J. Molina-Garcia
Friday, October 20 - 3:00PM to 4:00PM
Corn Center, Room 150
"What It's Like to Be a Uterus: Reflections on 'Terramancy'" offers critical reflections on an ongoing series of chemical and digital transformation of the South Texas landscape, highlighting the crisis of immigrant detention centers as it has transpired on the figurative landscapes of women and children from Central America. Captured using drones and novelty 360-degree cameras, the project in question, "Border Terror," is made up of a series of silver gelatin experiments using the Chromoskedasic Sabbatier process. Developed in the 1990s, this process chaotically lifts silver halide crystals, imbuing images with a mesmerizing range of metallic grays, reds, and browns (also known as, silverization).
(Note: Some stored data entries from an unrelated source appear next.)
(* Let $n$ be a power of $2$ and let $x\in\mathbb{R}^n$ be a Haar-random unit vector (equivalently, a vector with independent $N(0,1)$ coordinates, rescaled to unit norm). Then for any two distinct internal nodes $i,j$ of the binary data loader tree for $x$, the angles $\theta_i$ and $\theta_j$ stored at these nodes are independent random variables.
   Context: The binary data loader for $x\in\mathbb{R}^n$ uses a complete binary tree (binary heap indexing: node $j$ has left child $2j$ and right child $2j+1$) whose leaves correspond to the coordinates of $x$. Each node $j$ stores $r(j)$, the sum of the squares of the coordinates at the leaves of its subtree, and each internal node stores the angle $\theta_j=\arccos\sqrt{r(2j)/r(j)}$, so that $\cos^2\theta_j=r(2j)/r(j)$ and $\sin^2\theta_j=r(2j+1)/r(j)$. These angles are the rotation angles of two-qubit beam splitter gates in a logarithmic-depth circuit that prepares the amplitude encoding of $x$. *)

theory Defs
  imports "HOL-Probability.Probability"
begin

text \<open>Binary data loader tree for a vector x in R^n (n a power of 2), heap indexing:
  nodes 1 .. 2n-1, node j has children 2j and 2j+1, the leaves are nodes n .. 2n-1,
  leaf l corresponding to coordinate x (l - n).\<close>

definition subtree_leaves :: "nat \<Rightarrow> nat \<Rightarrow> nat set" where
  "subtree_leaves n j = {l \<in> {n..<2*n}. \<exists>m. l div 2^m = j}"

definition loader_r :: "nat \<Rightarrow> (nat \<Rightarrow> real) \<Rightarrow> nat \<Rightarrow> real" where
  "loader_r n x j = (\<Sum>l\<in>subtree_leaves n j. (x (l - n))^2)"

definition loader_theta :: "nat \<Rightarrow> (nat \<Rightarrow> real) \<Rightarrow> nat \<Rightarrow> real" where
  "loader_theta n x j = arccos (sqrt (loader_r n x (2*j) / loader_r n x j))"

definition gaussian_vec :: "nat \<Rightarrow> (nat \<Rightarrow> real) measure" where
  "gaussian_vec n = PiM {..<n} (\<lambda>_. density lborel std_normal_density)"

definition unit_normalize :: "nat \<Rightarrow> (nat \<Rightarrow> real) \<Rightarrow> (nat \<Rightarrow> real)" where
  "unit_normalize n g = (\<lambda>i. g i / sqrt (\<Sum>l<n. (g l)^2))"

end

theory Submission
  imports Defs
begin

text \<open>
  Let \<open>S\<close> be the set of coordinates below node \<open>j\<close>. Up to swapping \<open>i\<close> and \<open>j\<close>, the node \<open>j\<close>
  is not an ancestor of \<open>i\<close>; then the subtree of \<open>j\<close> is contained in or disjoint from each of the
  subtrees of \<open>i\<close> and \<open>2i\<close>. The normalisation cancels in the ratios defining the angles, so
  \<open>\<theta>\<^sub>i\<close> depends on the Gaussian vector \<open>g\<close> only through \<open>|g\<^sub>S|\<^sup>2\<close> and the coordinates outside \<open>S\<close>,
  while \<open>\<theta>\<^sub>j\<close> is a scale-invariant function of \<open>g\<^sub>S\<close>.

  For a radial density on \<open>\<real>\<^sup>S\<close>, the squared norm is independent of every scale-invariant
  event \<open>E\<close>: by the homogeneity of Lebesgue measure, the Lebesgue law of \<open>|y|\<^sup>2\<close> on \<open>E\<close> is
  proportional to its law on all of \<open>\<real>\<^sup>S\<close>. Fubini over the coordinates outside \<open>S\<close> then gives the
  independence of \<open>\<theta>\<^sub>i\<close> and \<open>\<theta>\<^sub>j\<close>.
\<close>

interpretation lborel_product: product_sigma_finite "\<lambda>_::'i. lborel :: real measure"
  by standard

definition sqnorm :: "'i set \<Rightarrow> ('i \<Rightarrow> real) \<Rightarrow> real" where
  "sqnorm S y = (\<Sum>k\<in>S. (y k)\<^sup>2)"

definition scale_on :: "'i set \<Rightarrow> real \<Rightarrow> ('i \<Rightarrow> real) \<Rightarrow> ('i \<Rightarrow> real)" where
  "scale_on S c y = (\<lambda>k\<in>S. c * y k)"

definition scaling_invariant :: "'i set \<Rightarrow> ('i \<Rightarrow> real) set \<Rightarrow> bool" where
  "scaling_invariant S E \<longleftrightarrow>
     (\<forall>y \<in> space (PiM S (\<lambda>_. lborel)). \<forall>c > 0. scale_on S c y \<in> E \<longleftrightarrow> y \<in> E)"

lemma scale_on_in_space: "scale_on S c y \<in> space (PiM S (\<lambda>_. lborel))"
  by (auto simp: scale_on_def space_PiM)

lemma scale_on_measurable: "scale_on S c \<in> measurable (PiM S (\<lambda>_. lborel)) (PiM S (\<lambda>_. lborel))"
  unfolding scale_on_def by (intro measurable_restrict) auto

lemma sqnorm_nonneg: "0 \<le> sqnorm S y"
  unfolding sqnorm_def by (simp add: sum_nonneg)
Figures and human bodies in the photographs appear as hollow, virtual subjects, digitally removed or, in instances where drone footage provides the basis for photogrammetric renderings, they appear as 3D puppets and dummies taken out of crowd simulation software. Their ghostly and, at times, animal-like, insect-like appearance makes visible both the unfathomable death at the border and the opacity of data surrounding the accurate number of children lost and removed from caregivers. In those cases where the photographs combine anatomical illustrations of squid and uterine biology, the project aims to reveal the monstrosity of coercive gynecological procedures endured by Brown women at the Southern border and across many other historical periods.
The project is inspired by the resurgence of divine or goddess feminism in contemporary culture, as well as recent scholarship in transgender Marxism and transgender studies. In this respect, the lecture will seek to clarify the concept of "terramancy," a neologism combining the Greek prefix "terra-", signifying a connection to the earth, and the suffix "-mancy" from the ancient Greek word "manteia," which means divination or prophecy.
Coined by the artist in a recently authored graduate seminar titled "Emancipatory Science-Fiction," "terramancy" refers to methods of divination that involve seeking signs, omens, or messages from the earth. It implies using the earth or its topographical features (its "flesh") as a medium for gaining insightful, prophetic knowledge; in other words, this body-of-work highlights the mystical power of the mother or the enchantment of the "Mother Vessel."